Martin Pilhofer 1, Andreas Peter Bauer 1, Martina Schrallhammer 2, Lothar Richter 3, Wolfgang Ludwig 1, Karl-Heinz Schleifer 1, Giulio Petroni 2,*
PMCID: PMC2175320  PMID: 17942428

Abstract

Tubulins are still considered as typical proteins of Eukaryotes. However, more recently they have been found in the unusual bacteria Prosthecobacter (btubAB). In this study, the genomic organization of the btub-genes and their genomic environment were characterized by using the newly developed Two-Step Gene Walking method. In all investigated Prosthecobacters, btubAB are organized in a typical bacterial operon. Strikingly, all btub-operons comprise a third gene with similarities to kinesin light chain sequences. The genomic environments of the characterized btub-operons are always different. This supports the hypothesis that this group of genes represents an independent functional unit, which was acquired by Prosthecobacter via horizontal gene transfer. The newly developed Two-Step Gene Walking method is based on randomly primed polymerase chain reaction (PCR). It presents a simple workflow, which comprises only two major steps—a Walking-PCR with a single specific outward pointing primer (step 1) and the direct sequencing of its product using a nested specific primer (step 2). Two-Step Gene Walking proved to be highly efficient and was successfully used to characterize over 20 kb of sequence not only in pure culture but even in complex non-pure culture samples.

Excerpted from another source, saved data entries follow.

lemma ascents_before_Suc:
  "ascents_before P (Suc a) = ascents_before P a + (if P!a < P!Suc a then 1 else 0)"
proof -
  have "{b. b < Suc a \<and> P!b < P!Suc b} =
      {b. b < a \<and> P!b < P!Suc b} \<union> (if P!a < P!Suc a then {a} else {})"
    by (auto simp: less_Suc_eq)
  then show ?thesis
    by (simp add: ascents_before_def)
qed

lemma ascents_before_less:
  assumes "a \<le> c" "c < b" "P!c < P!Suc c"
  shows "ascents_before P a < ascents_before P b"
proof -
  have "{d. d < a \<and> P!d < P!Suc d} \<subseteq> {d. d < b \<and> P!d < P!Suc d}"
    using assms by auto
  moreover have "c \<in> {d. d < b \<and> P!d < P!Suc d} - {d. d < a \<and> P!d < P!Suc d}"
    using assms by simp
  ultimately have "{d. d < a \<and> P!d < P!Suc d} \<subset> {d. d < b \<and> P!d < P!Suc d}"
    by blast
  then show ?thesis
    unfolding ascents_before_def by (rule psubset_card_mono [rotated]) simp
qed

lemma ascents_before_eq:
  assumes "a \<le> b" "\<And>c. a \<le> c \<Longrightarrow> c < b \<Longrightarrow> \<not> P!c < P!Suc c"
  shows "ascents_before P a = ascents_before P b"
proof -
  have "{d. d < a \<and> P!d < P!Suc d} = {d. d < b \<and> P!d < P!Suc d}"
    using assms by (auto intro: ccontr)
  then show ?thesis
    by (simp add: ascents_before_def)
qed

lemma last_ascent_before:
  assumes "ascents_before P a \<noteq> 0"
  shows "\<exists>c<a. P!c < P!Suc c \<and> ascents_before P a = Suc (ascents_before P c)"
  using assms
proof (induction a)
  case (Suc a)
  show ?case
  proof (cases "P!a < P!Suc a")
    case False
    then show ?thesis
      using Suc by (auto simp: ascents_before_Suc less_Suc_eq)
  qed (auto simp: ascents_before_Suc)
qed simp

lemma nth_less_if_no_ascents:
  fixes P :: "'a::linorder list"
  assumes "distinct P" "b < length P" "a < b" "\<And>c. a \<le> c \<Longrightarrow> c < b \<Longrightarrow> \<not> P!c < P!Suc c"
  shows "P!b < P!a"
  using assms(2-)
proof (induction b)
  case (Suc b)
  have "P!Suc b \<noteq> P!b"
    using assms(1) Suc.prems(1) by (simp add: nth_eq_iff_index_eq)
  moreover have "\<not> P!b < P!Suc b"
    using Suc.prems(2) Suc.prems(3) [of b] by simp
  ultimately have "P!Suc b < P!b"
    by (meson linorder_neqE)
  moreover have "P!b < P!a" if "a < b"
    using Suc that by simp
  ultimately show ?case
    using Suc.prems(2) by (cases "a = b") auto
qed simp

lemma sorted_wrt_gamma_less_if_nth_eq_ascents:
  assumes "distinct P" and x_P: "\<And>a. a < length P \<Longrightarrow> x ! (P!a) = Suc (ascents_before P a)"
  shows "sorted_wrt (gamma_less x) P"
  unfolding sorted_wrt_iff_nth_less
proof (intro allI impI)
  fix a b assume ab: "a < b" "b < length P"
  show "gamma_less x (P!a) (P!b)"
  proof (cases "\<exists>c. a \<le> c \<and> c < b \<and> P!c < P!Suc c")
    case True
    then have "ascents_before P a < ascents_before P b"
      using ascents_before_less by blast
    then show ?thesis
      using x_P ab by (simp add: gamma_less_def)
  next
    case False
    then have "ascents_before P a = ascents_before P b" and "P!b < P!a"
      using ascents_before_eq nth_less_if_no_ascents [OF assms(1)] ab by auto
    then show ?thesis
      using x_P ab by (simp add: gamma_less_def)
  qed
qed

lemma mem_RGF_iff: "x \<in> RGF \<longleftrightarrow> x \<in> RGF_n (length x)"
  by (auto simp: RGF_def RGF_n_def)

lemma RGF_cayley: "x \<in> RGF \<Longrightarrow> cayley x"
  by (simp add: mem_RGF_iff RGF_n_def)

lemma RGF_nth_0: "x \<in> RGF \<Longrightarrow> x \<noteq> [] \<Longrightarrow> x!0 = 1"
  by (simp add: mem_RGF_iff RGF_n_def Suc_le_eq)

lemma RGF_growth: "x \<in> RGF \<Longrightarrow> 1 \<le> i \<Longrightarrow> i < length x \<Longrightarrow> x!i \<le> Max (set (take i x)) + 1"
  by (simp add: mem_RGF_iff RGF_n_def)

lemma RGF_smaller_value_occurs_before:
  assumes "x \<in> RGF" "l < length x" "1 \<le> u" "u < x!l"
  shows "\<exists>k<l. x!k = u"
  using assms(2-)
proof (induction l arbitrary: u rule: less_induct)
  case (less l)
  have "x \<noteq> []"
    using less.prems by auto
  then have "l \<noteq> 0"
    using less.prems RGF_nth_0 [OF assms(1)] by (cases "l = 0") auto
  define M where "M = Max (set (take l x))"
  have "M \<in> set (take l x)"
    using \<open>l \<noteq> 0\<close> \<open>x \<noteq> []\<close> by (simp add: M_def)
  then obtain j where j: "j < l" "x!j = M"
    using less.prems by (auto simp: in_set_conv_nth)
  have "u \<le> M"
    using RGF_growth [OF assms(1), of l] \<open>l \<noteq> 0\<close> less.prems by (simp add: M_def)
  show ?case
  proof (cases "u = M")
    case False
    then obtain k where "k < j" "x!k = u"
      using less.IH [of j u] \<open>u \<le> M\<close> j less.prems by auto
    with j show ?thesis
      using order.strict_trans by blast
  qed (use j in blast)
qed

lemma RGF_gamma0_ascent:
  assumes "x \<in> RGF" "Suc a < length x" "gamma0 x ! a < gamma0 x ! Suc a"
  shows "x ! (gamma0 x ! Suc a) = Suc (x ! (gamma0 x ! a))"
proof -
  have "gamma_less x (gamma0 x ! a) (gamma0 x ! Suc a)"
    using gamma_less_gamma0_iff assms(2) by simp
  then have "x ! (gamma0 x ! a) < x ! (gamma0 x ! Suc a)"
    using assms(3) by (auto simp: gamma_less_def)
  with cayley_gamma0_step_le [OF RGF_cayley [OF assms(1)] assms(2)] show ?thesis
    by simp
qed

lemma RGF_gamma0_next_same_value:
  assumes "x \<in> RGF" "a < length x" "b < length x"
    and "gamma0 x ! b < gamma0 x ! a" "x ! (gamma0 x ! a) < x ! (gamma0 x ! b)"
  shows "Suc a < length x \<and> x ! (gamma0 x ! Suc a) = x ! (gamma0 x ! a)"
proof -
  let ?P = "gamma0 x"
  have "1 \<le> x ! (?P ! a)"
    using cayley_nth_pos [OF RGF_cayley [OF assms(1)]] gamma0_nth_less assms(2)
    by (simp add: Suc_le_eq)
  \<comment> \<open>the value at P!a occurs again left of P!b, so (ties go right to left) after step a\<close>
  then obtain k where k: "k < ?P ! b" "x!k = x ! (?P ! a)"
    using RGF_smaller_value_occurs_before [OF assms(1) _ _ assms(5)] gamma0_nth_less assms(3)
    by blast
  obtain d where d: "d < length x" "?P ! d = k"
    using k gamma0_surj gamma0_nth_less [OF assms(3)] by (metis order.strict_trans)
  have "gamma_less x (?P ! a) (?P ! d)"
    using assms(4) d k by (auto simp: gamma_less_def)
  then have "a < d"
    using gamma_less_gamma0_iff [of a x d] assms(2) d(1) by simp
  then show ?thesis
    using gamma0_mono [of a "Suc a" x] gamma0_mono [of "Suc a" d x] d k by fastforce
qed

lemma RGF_gamma0_descent:
  assumes "x \<in> RGF" "Suc a < length x" "\<not> gamma0 x ! a < gamma0 x ! Suc a"
  shows "x ! (gamma0 x ! Suc a) = x ! (gamma0 x ! a)"
proof (rule ccontr)
  assume differ: "\<not> ?thesis"
  with gamma0_mono [of a "Suc a" x] assms(2)
  have "x ! (gamma0 x ! a) < x ! (gamma0 x ! Suc a)"
    by simp
  moreover have "gamma0 x ! Suc a < gamma0 x ! a"
    using gamma0_nth_eq_iff [of a x "Suc a"] assms by simp
  ultimately show False
    using RGF_gamma0_next_same_value [OF assms(1), of a "Suc a"] assms(2) differ by simp
qed

lemma RGF_nth_gamma0:
  assumes "x \<in> RGF" "a < length x"
  shows "x ! (gamma0 x ! a) = Suc (ascents_before (gamma0 x) a)"
  using assms(2)
proof (induction a)
  case 0
  obtain c where c: "c < length x" "gamma0 x ! c = 0"
    using gamma0_surj 0 by blast
  moreover have "x \<noteq> []"
    using 0 by auto
  ultimately have "x ! (gamma0 x ! 0) \<le> 1"
    using gamma0_mono [of 0 c x] RGF_nth_0 [OF assms(1)] by auto
  moreover have "0 < x ! (gamma0 x ! 0)"
    using cayley_nth_pos [OF RGF_cayley [OF assms(1)]] gamma0_nth_less 0 by blast
  ultimately show ?case
    by simp
next
  case (Suc a)
  then show ?case
    using RGF_gamma0_ascent [OF assms(1) Suc.prems] RGF_gamma0_descent [OF assms(1) Suc.prems]
    by (simp add: ascents_before_Suc)
qed

lemma inj_on_gamma_RGF: "inj_on gamma RGF"
proof (rule inj_onI)
  fix x x' assume x: "x \<in> RGF" and x': "x' \<in> RGF" and "gamma x = gamma x'"
  then have same: "gamma0 x = gamma0 x'"
    by (simp add: gamma_eq_map_Suc_gamma0)
  then have length: "length x = length x'"
    by (metis length_gamma0)
  show "x = x'"
  proof (rule nth_equalityI)
    fix i assume "i < length x"
    then obtain a where "a < length x" "gamma0 x ! a = i"
      using gamma0_surj by blast
    then show "x!i = x'!i"
      using RGF_nth_gamma0 [OF x] RGF_nth_gamma0 [OF x'] same length by metis
  qed (rule length)
qed

lemma gamma_RGF_in_Flat:
  assumes "x \<in> RGF"
  shows "gamma x \<in> Flat"
proof -
  let ?P = "gamma0 x"
  have "is_perm (gamma x)"
    unfolding is_perm_iff_map_Suc gamma_eq_map_Suc_gamma0 by simp
  moreover have "\<not> (?P!k < ?P!i \<and> ?P!i < ?P!Suc i)" if "Suc i < k" "k < length x" for i k
  proof
    assume pattern: "?P!k < ?P!i \<and> ?P!i < ?P!Suc i"
    have "x ! (?P ! Suc i) = Suc (x ! (?P ! i))"
      using RGF_gamma0_ascent [OF assms] pattern that by simp
    moreover have "x ! (?P ! Suc i) \<le> x ! (?P ! k)"
      using gamma0_mono that by simp
    ultimately show False
      using RGF_gamma0_next_same_value [OF assms, of i k] pattern that by simp
  qed
  ultimately show ?thesis
    by (auto simp: Flat_def gamma_eq_map_Suc_gamma0)
qed

lemma RGF_if_predecessor_values_earlier:
  assumes pos: "\<And>i. i < length x \<Longrightarrow> 0 < x!i"
    and pred: "\<And>i. i < length x \<Longrightarrow> 2 \<le> x!i \<Longrightarrow> \<exists>j<i. x!j = x!i - 1"
  shows "x \<in> RGF"
proof -
  have below: "u \<in> set x" if "i < length x" "1 \<le> u" "u \<le> x!i" for i u
    using that
  proof (induction i arbitrary: u rule: less_induct)
    case (less i)
    show ?case
    proof (cases "u = x!i")
      case False
      then obtain j where "j < i" "x!j = x!i - 1"
        using pred less.prems by fastforce
      then show ?thesis
        using less False by auto
    qed (use less.prems in simp)
  qed
  then have "cayley x"
    unfolding cayley_def using pos by (fastforce simp: in_set_conv_nth)
  moreover have "x!0 = 1" if "x \<noteq> []"
    using pos [of 0] pred [of 0] that by fastforce
  moreover have "x!i \<le> Max (set (take i x)) + 1" if i: "i < length x" for i
  proof (cases "2 \<le> x!i")
    case True
    then obtain j where j: "j < i" "x!j = x!i - 1"
      using pred i by blast
    then have "x!j \<in> set (take i x)"
      using nth_mem [of j "take i x"] i by simp
    then have "x!j \<le> Max (set (take i x))"
      by simp
    with j show ?thesis
      by simp
  qed simp
  ultimately show ?thesis
    by (auto simp: mem_RGF_iff RGF_n_def Suc_le_eq)
qed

Accession Numbers: AMO41149, AMO41150, EF650087, AM743196

INTRODUCTION

Sequencing of DNA using a specific primer requires a template, which must consist of a maximum of target-DNA and a minimum of non-target DNA. Any kind of non-target DNA can lead to unspecific binding of the sequencing primer. The standard methods to shift the ratio towards target-DNA are either to amplify the target-DNA using the PCR technique (1–3) or to clone the target-DNA into a vector (phage or plasmid), which is highly amplified in a bacterial host and subsequently specifically isolated. If the target-DNA is represented by a specific gene, the typical approach to accomplish its characterization is to design two degenerated primers, targeting highly conserved regions of the gene. The intervening region is then amplified, cloned and sequenced. This approach, which is nowadays a routine procedure, rapidly provides sequence data on yet uncharacterized genes belonging to known gene families. The main limit of this approach is that both extremities of the investigated gene remain unknown. Despite several methods have been proposed, the characterization of a sequence adjacent to a known region (gene walking or chromosome walking) still remains a laborious and time-consuming task.

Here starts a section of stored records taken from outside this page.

(* Let $\Gamma$ be a group, $\mathcal{S}=\mathcal{S}(\Pi,A,\xi)$ a Gr-category of the type $(\Pi,A)$, and $(\theta,F)$ an enough strict factor set on $\Gamma$ with coefficients in $\mathcal{S}$, with $A$ regarded as a $\Pi$-module $\Gamma$-equivariant via $\sigma x=F^\sigma(x)$ and $F^\sigma(x,a)=(\sigma x,\sigma a)$. Write $\widetilde{F^\sigma}_{x,y}=(\sigma(xy),\tilde f(x,y,\sigma))$ and $\theta^{\sigma,\tau}_x=(\sigma\tau x,t(x,\sigma,\tau))$, and let $h:\Pi^3\cup(\Pi^2\times\Gamma)\cup(\Pi\times\Gamma^2)\to A$ be given by $h|_{\Pi^3}=\xi$, $h|_{\Pi^2\times\Gamma}=\tilde f$, $h|_{\Pi\times\Gamma^2}=t$. Then $h\in Z^3_\Gamma(\Pi,A)$.
   Context: A Gr-category of the type $(\Pi,A)$ ($\Pi$ a group, $A$ a left $\Pi$-module), $\mathcal{S}(\Pi,A,\xi)$: objects are elements of $\Pi$, morphisms only automorphisms $\mathrm{Aut}(x)=\{x\}\times A$, composition $(x,u)\circ(x,v)=(x,u+v)$, tensor $x\otimes y=xy$, $(x,u)\otimes(y,v)=(xy,u+xv)$, associativity constraint $a_{x,y,z}=(xyz,\xi(x,y,z))$ with $\xi\in Z^3(\Pi,A)$ a normalized 3-cocycle, strict unit constraints (unit $I=1$). Monoidal functors are $F=(F,\widetilde F,\widehat F)$ with $\widetilde F_{x,y}:F(x\otimes y)\to F(x)\otimes F(y)$, $\widehat F:F(I)\to I$. A factor set on $\Gamma$ with coefficients in $\mathcal{S}$: monoidal autoequivalences $F^\sigma$ of $\mathcal{S}$ and isomorphisms of monoidal functors $\theta^{\sigma,\tau}:F^\sigma F^\tau\to F^{\sigma\tau}$ with $F^1=\mathrm{id}$, $\theta^{1,\sigma}=\theta^{\sigma,1}=\mathrm{id}$, $\theta^{\sigma\tau,\gamma}\circ(\theta^{\sigma,\tau}F^\gamma)=\theta^{\sigma,\tau\gamma}\circ(F^\sigma\theta^{\tau,\gamma})$; it is enough strict if $\widehat{F^\sigma}=\mathrm{id}_I$ for all $\sigma$. For such a factor set, each $F^\sigma$ acts by a group automorphism $x\mapsto\sigma x$ of $\Pi$ on objects and by $(x,a)\mapsto(\sigma x,\sigma a)$ on morphisms with $a\mapsto \sigma a$ an automorphism of $A$, these give actions of $\Gamma$ with $\sigma(xa)=(\sigma x)(\sigma a)$ (a $\Pi$-module $\Gamma$-equivariant, or $\Gamma$-pair $(\Pi,A)$). For a $\Gamma$-pair $(\Pi,A)$, $Z^3_\Gamma(\Pi,A)$ is the set of normalized maps $h:\Pi^3\cup(\Pi^2\times\Gamma)\cup(\Pi\times\Gamma^2)\to A$ (normalized: $h$ vanishes whenever one of its arguments is the identity element of $\Pi$ or of $\Gamma$) satisfying, for all $x,y,z,t\in\Pi$, $\sigma,\tau,\gamma\in\Gamma$: $h(x,y,zt)+h(xy,z,t)=x\,h(y,z,t)+h(x,yz,t)+h(x,y,z)$; $\sigma h(x,y,z)+h(xy,z,\sigma)+h(x,y,\sigma)=h(\sigma x,\sigma y,\sigma z)+(\sigma x)h(y,z,\sigma)+h(x,yz,\sigma)$; $\sigma h(x,y,\tau)+h(\tau x,\tau y,\sigma)+h(x,\sigma,\tau)+(\sigma\tau x)h(y,\sigma,\tau)=h(x,y,\sigma\tau)+h(xy,\sigma,\tau)$; $\sigma h(x,\tau,\gamma)+h(x,\sigma,\tau\gamma)=h(x,\sigma\tau,\gamma)+h(\gamma x,\sigma,\tau)$. *)

theory Defs
  imports Main
begin

text \<open>The groups \<Pi> and \<Gamma> are types of class group_add (a not necessarily
commutative group, written additively: the product x y of the paper is x + y, the
identity element is 0).\<close>

definition pi_module :: "('p::group_add \<Rightarrow> 'a::ab_group_add \<Rightarrow> 'a) \<Rightarrow> bool" where
  "pi_module act \<longleftrightarrow>
     (\<forall>a. act 0 a = a) \<and>
     (\<forall>x y a. act (x + y) a = act x (act y a)) \<and>
     (\<forall>x a b. act x (a + b) = act x a + act x b)"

In the past, there were reports that suggested the possibility to perform direct sequencing of genomic DNA to characterize unknown regions adjacent to known ones without any kind of preliminary amplification (4,5). Despite the theoretical advantages of this approach, they never became standard and have been applied only in a very restricted number of cases. The reported main problems concern: (i) the high amount of DNA used (several micrograms) (4,5); (ii) the unspecific binding of the sequencing primer due to the bad ratio of target-DNA over non-target DNA resulting in very short read lengths or in complete failure of the sequencing run (4,5); (iii) the target organisms’ genomes, which must possess a G+C ratio in a certain range (5); and (iv) the specific set-up of the sequencing instruments and software, which hampers the use of custom sequence services (4). For these reasons, PCR-based gene walking methods are generally applied and largely favored over direct sequencing of genomic DNA for the characterization of unknown sequences adjacent to known ones.

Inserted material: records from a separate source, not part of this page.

lemma represented_subset: "S \<subseteq> A \<Longrightarrow> represented X Y A S"
  unfolding represented_def using rel_null_empty by (metis symdiff_empty(3))

lemma represented_symdiff:
  assumes "finite X" "represented X Y A c1" "represented X Y A c2"
  shows "represented X Y A (symdiff c1 c2)"
proof -
  obtain S1 S2 where S: "S1 \<subseteq> A" "S2 \<subseteq> A"
    "rel_null X Y (symdiff c1 S1)" "rel_null X Y (symdiff c2 S2)"
    using assms(2,3) by (auto simp: represented_def)
  have "symdiff (symdiff c1 S1) (symdiff c2 S2) = symdiff (symdiff c1 c2) (symdiff S1 S2)"
    by (auto simp: symdiff_def)
  then have "rel_null X Y (symdiff (symdiff c1 c2) (symdiff S1 S2))"
    using rel_null_symdiff[OF assms(1) S(3,4)] by simp
  moreover have "symdiff S1 S2 \<subseteq> A"
    using S(1,2) by (rule symdiff_subset)
  ultimately show ?thesis
    unfolding represented_def by blast
qed

lemma represented_if_edges_represented:
  assumes "finite X" "finite F" "\<forall>g\<in>F. represented X Y A {g}"
  shows "represented X Y A F"
  using assms(2,3)
proof (induction F rule: finite_induct)
  case empty
  show ?case
    by (rule represented_empty)
next
  case (insert g F)
  then have "represented X Y A (symdiff {g} F)"
    using represented_symdiff[OF assms(1)] by simp
  then show ?case
    using insert_eq_symdiff[OF insert.hyps(2)] by simp
qed

lemma represented_if_rel_null_symdiff:
  assumes "finite X" "rel_null X Y (symdiff c c')" "represented X Y A c'"
  shows "represented X Y A c"
proof -
  obtain S where S: "S \<subseteq> A" "rel_null X Y (symdiff c' S)"
    using assms(3) by (auto simp: represented_def)
  have "symdiff (symdiff c c') (symdiff c' S) = symdiff c S"
    by (auto simp: symdiff_def)
  then have "rel_null X Y (symdiff c S)"
    using rel_null_symdiff[OF assms(1,2) S(2)] by simp
  then show ?thesis
    using S(1) unfolding represented_def by blast
qed

section \<open>Leading variables\<close>

text \<open>Setting the free variables to a unit vector {e}, the unique solution x meets every b
  in W in an even number of elements; a b that lives on the free variables meets x in {e}.\<close>

lemma leading_set_free_part_zero:
  assumes "leading_set W A L" "b \<in> W" "b \<subseteq> A" "b \<inter> L = {}"
  shows "b = {}"
proof (rule ccontr)
  assume "b \<noteq> {}"
  then obtain e where e: "e \<in> b"
    by auto
  then have "{e} \<subseteq> A - L"
    using assms(3,4) by auto
  moreover have "\<forall>F. F \<subseteq> A - L \<longrightarrow>
      (\<exists>!x. x \<subseteq> A \<and> x \<inter> (A - L) = F \<and> (\<forall>b\<in>W. even (card (b \<inter> x))))"
    using assms(1) by (simp add: leading_set_def)
  ultimately have "\<exists>!x. x \<subseteq> A \<and> x \<inter> (A - L) = {e} \<and> (\<forall>b\<in>W. even (card (b \<inter> x)))"
    by simp
  then obtain x where x: "x \<subseteq> A" "x \<inter> (A - L) = {e}" "\<forall>b\<in>W. even (card (b \<inter> x))"
    by (meson ex1_implies_ex)
  have "b \<inter> x = {e}"
    using x e assms(3,4) by blast
  then show False
    using x(3) assms(2) by fastforce
qed

text \<open>Restriction to L is injective on the subspace W and |W| = 2^|L|, so it is onto Pow L.\<close>

lemma leading_set_unit_vector:
  assumes fA: "finite A" and ls: "leading_set W A L" and WA: "\<forall>b\<in>W. b \<subseteq> A"
    and W_closed: "\<forall>b1\<in>W. \<forall>b2\<in>W. symdiff b1 b2 \<in> W" and eL: "e \<in> L"
  shows "\<exists>b\<in>W. b \<inter> L = {e}"
proof -
  have fL: "finite L"
    using ls fA finite_subset by (auto simp: leading_set_def)
  have "inj_on (\<lambda>b. b \<inter> L) W"
  proof (rule inj_onI)
    fix b1 b2
    assume b: "b1 \<in> W" "b2 \<in> W" "b1 \<inter> L = b2 \<inter> L"
    have "symdiff b1 b2 \<inter> L = {}"
      using b(3) by (auto simp: symdiff_def)
    moreover have "symdiff b1 b2 \<subseteq> A"
      using WA b by (simp add: symdiff_subset)
    ultimately have "symdiff b1 b2 = {}"
      using leading_set_free_part_zero[OF ls] W_closed b by blast
    then show "b1 = b2"
      by (simp add: symdiff_eq_empty_iff)
  qed
  then have "card ((\<lambda>b. b \<inter> L) ` W) = card (Pow L)"
    using ls fL by (simp add: leading_set_def card_image card_Pow)
  then have "(\<lambda>b. b \<inter> L) ` W = Pow L"
    using fL by (intro card_subset_eq) auto
  then show ?thesis
    using eL by (metis Pow_iff empty_subsetI imageE insert_subset)
qed

section \<open>Homology of an inclusion\<close>

lemma homologous_refl: "homologous X z z"
  unfolding homologous_def by (rule exI[of _ "{}"]) simp

lemma homologous_sym: "homologous X z z' \<Longrightarrow> homologous X z' z"
  unfolding homologous_def by (metis symdiff_commute)

lemma homologous_iff_rel_null: "homologous X z z' \<longleftrightarrow> rel_null X {} (symdiff z z')"
  by (simp add: homologous_def rel_null_def edges_def)

lemma homologous_trans:
  assumes "finite X" "homologous X z1 z2" "homologous X z2 z3"
  shows "homologous X z1 z3"
proof -
  have "rel_null X {} (symdiff (symdiff z1 z2) (symdiff z2 z3))"
    using assms by (simp add: homologous_iff_rel_null rel_null_symdiff)
  moreover have "symdiff (symdiff z1 z2) (symdiff z2 z3) = symdiff z1 z3"
    by (auto simp: symdiff_def)
  ultimately show ?thesis
    by (simp add: homologous_iff_rel_null)
qed

definition homology_rel :: "'v set set \<Rightarrow> ('v set set \<times> 'v set set) set" where
  "homology_rel X = {(z, z'). z \<in> cycles1 X \<and> z' \<in> cycles1 X \<and> homologous X z z'}"

lemma equiv_homology_rel: "finite X \<Longrightarrow> equiv (cycles1 X) (homology_rel X)"
  unfolding equiv_def refl_on_def sym_def trans_def homology_rel_def
  using homologous_refl homologous_sym homologous_trans by blast

lemma H1_no_triangles:
  assumes "triangles X = {}"
  shows "H1 X = (\<lambda>z. {z}) ` cycles1 X"
proof -
  have "homologous X z z' \<longleftrightarrow> z = z'" for z z'
    using assms by (simp add: homologous_def symdiff_eq_empty_iff)
  then have "homology_rel X `` {z} = {z}" if "z \<in> cycles1 X" for z
    using that by (auto simp: homology_rel_def)
  then show ?thesis
    unfolding H1_def homology_rel_def[symmetric] quotient_def by auto
qed

lemma bij_betw_H1_incl:
  assumes fY: "finite Y" and no_triangles: "triangles X = {}" and XY: "edges X \<subseteq> edges Y"
    and inj: "\<And>z1 z2. z1 \<in> cycles1 X \<Longrightarrow> z2 \<in> cycles1 X \<Longrightarrow> homologous Y z1 z2 \<Longrightarrow> z1 = z2"
    and surj: "\<And>z. z \<in> cycles1 Y \<Longrightarrow> \<exists>w\<in>cycles1 X. homologous Y z w"
  shows "bij_betw (H1_incl X Y) (H1 X) (H1 Y)"
proof -
  have eqv: "equiv (cycles1 Y) (homology_rel Y)"
    using fY by (rule equiv_homology_rel)
  have cycles_XY: "cycles1 X \<subseteq> cycles1 Y"
    using XY by (auto simp: cycles1_def)
  have H1X: "H1 X = (\<lambda>z. {z}) ` cycles1 X"
    using no_triangles by (rule H1_no_triangles)
  have H1Y: "H1 Y = cycles1 Y // homology_rel Y"
    by (simp add: H1_def homology_rel_def)
  have incl: "H1_incl X Y {z} = homology_rel Y `` {z}" if "z \<in> cycles1 X" for z
    using that cycles_XY by (auto simp: H1_incl_def homology_rel_def)
  have "inj_on (H1_incl X Y) (H1 X)"
  proof (rule inj_onI)
    fix c1 c2
    assume "c1 \<in> H1 X" "c2 \<in> H1 X" and eq: "H1_incl X Y c1 = H1_incl X Y c2"
    then obtain z1 z2 where z: "c1 = {z1}" "c2 = {z2}" "z1 \<in> cycles1 X" "z2 \<in> cycles1 X"
      unfolding H1X by blast
    then have "homology_rel Y `` {z1} = homology_rel Y `` {z2}"
      using eq incl by simp
    moreover have "z1 \<in> cycles1 Y" "z2 \<in> cycles1 Y"
      using z cycles_XY by auto
    ultimately have "(z1, z2) \<in> homology_rel Y"
      using eq_equiv_class_iff[OF eqv] by blast
    then show "c1 = c2"
      using inj z by (simp add: homology_rel_def)
  qed
  moreover have "H1_incl X Y ` H1 X = H1 Y"
  proof
    show "H1_incl X Y ` H1 X \<subseteq> H1 Y"
    proof
      fix c
      assume "c \<in> H1_incl X Y ` H1 X"
      then obtain z where z: "z \<in> cycles1 X" "c = H1_incl X Y {z}"
        unfolding H1X by blast
      then have "c = homology_rel Y `` {z}"
        using incl by simp
      then show "c \<in> H1 Y"
        unfolding H1Y using z(1) cycles_XY by (auto intro: quotientI)
    qed
  next
    show "H1 Y \<subseteq> H1_incl X Y ` H1 X"
    proof
      fix c
      assume "c \<in> H1 Y"
      then obtain z where z: "z \<in> cycles1 Y" "c = homology_rel Y `` {z}"
        unfolding H1Y by (auto elim: quotientE)
      obtain w where w: "w \<in> cycles1 X" "homologous Y z w"
        using surj[OF z(1)] by blast
      then have "(z, w) \<in> homology_rel Y"
        using z(1) cycles_XY by (auto simp: homology_rel_def)
      then have "c = H1_incl X Y {w}"
        using z(2) w(1) incl equiv_class_eq[OF eqv] by simp
      then show "c \<in> H1_incl X Y ` H1 X"
        using w(1) unfolding H1X by blast
    qed
  qed
  ultimately show ?thesis
    unfolding bij_betw_def by blast
qed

PCR-based gene walking methods can be divided into three groups (based on their underlying methods): (i) inverse PCR (6–9), (ii) ligation-mediated PCR (10–19) and (iii) randomly primed PCR (20–34). Using inverse PCR and ligation-mediated PCR, as a first step DNA has to be digested with restriction enzymes. Inverse PCR amplifies unknown DNA adjacent to known DNA fragments after its intramolecular circularization, which is performed by a ligase at low DNA concentrations. The region of interest is then amplified using outward pointing primers located at both ends of the known fragment. In ligation-mediated PCR, synthetic adapter-DNAs, which are ligated to restriction fragments, are used as primer annealing sites for PCR. The region of interest is then amplified by a known sequence-specific outward-pointing primer and a primer reverse complementary to the ligated adapter. A disadvantage of ligation-mediated PCR methods is the requirement of relatively high amounts of target DNA. Furthermore, ligation-mediated PCR and inverse PCR are dependent upon time-consuming and labor-intensive enzymatic modifications of the target DNA (e.g. restriction digest and ligation reactions).

Randomly primed PCR methods use the ability of oligonucleotides (primers) to bind unspecifically in the unknown fragment at low stringency conditions (20). There are two possibilities to facilitate priming in the unknown region. Some methods use different types of walking primers to bind in the unknown region (20,22–24,26,27,29,31,33,34). Other experimental approaches utilize only one primer in PCR, which binds specifically in the known sequence stretch and in very low stringency cycles also in the unknown region (21,25,28,30,32). The unspecific binding of these primers causes the facilitation of unspecific PCR products. Therefore, the existing randomly primed PCR methods include cloning and/or enrichment procedures (e.g. immobilization of specific products on paramagnetic beads). The derived PCR products or clones must be intensively screened for specificity, e.g. using modified oligonucleotides in hybridization experiments.

In this study, a straightforward Two-Step Gene Walking method was developed. It consists of a Walking-PCR (step 1) and direct sequencing of the PCR product (step 2). There is no need for enrichment, cloning or screening procedures; the amount of template DNA for Walking-PCR is minimal (50 ng). The new method was developed for the characterization of the genomic environment of bacterial tubulin genes in Prosthecobacter and was proven to work even in complex non-pure culture samples.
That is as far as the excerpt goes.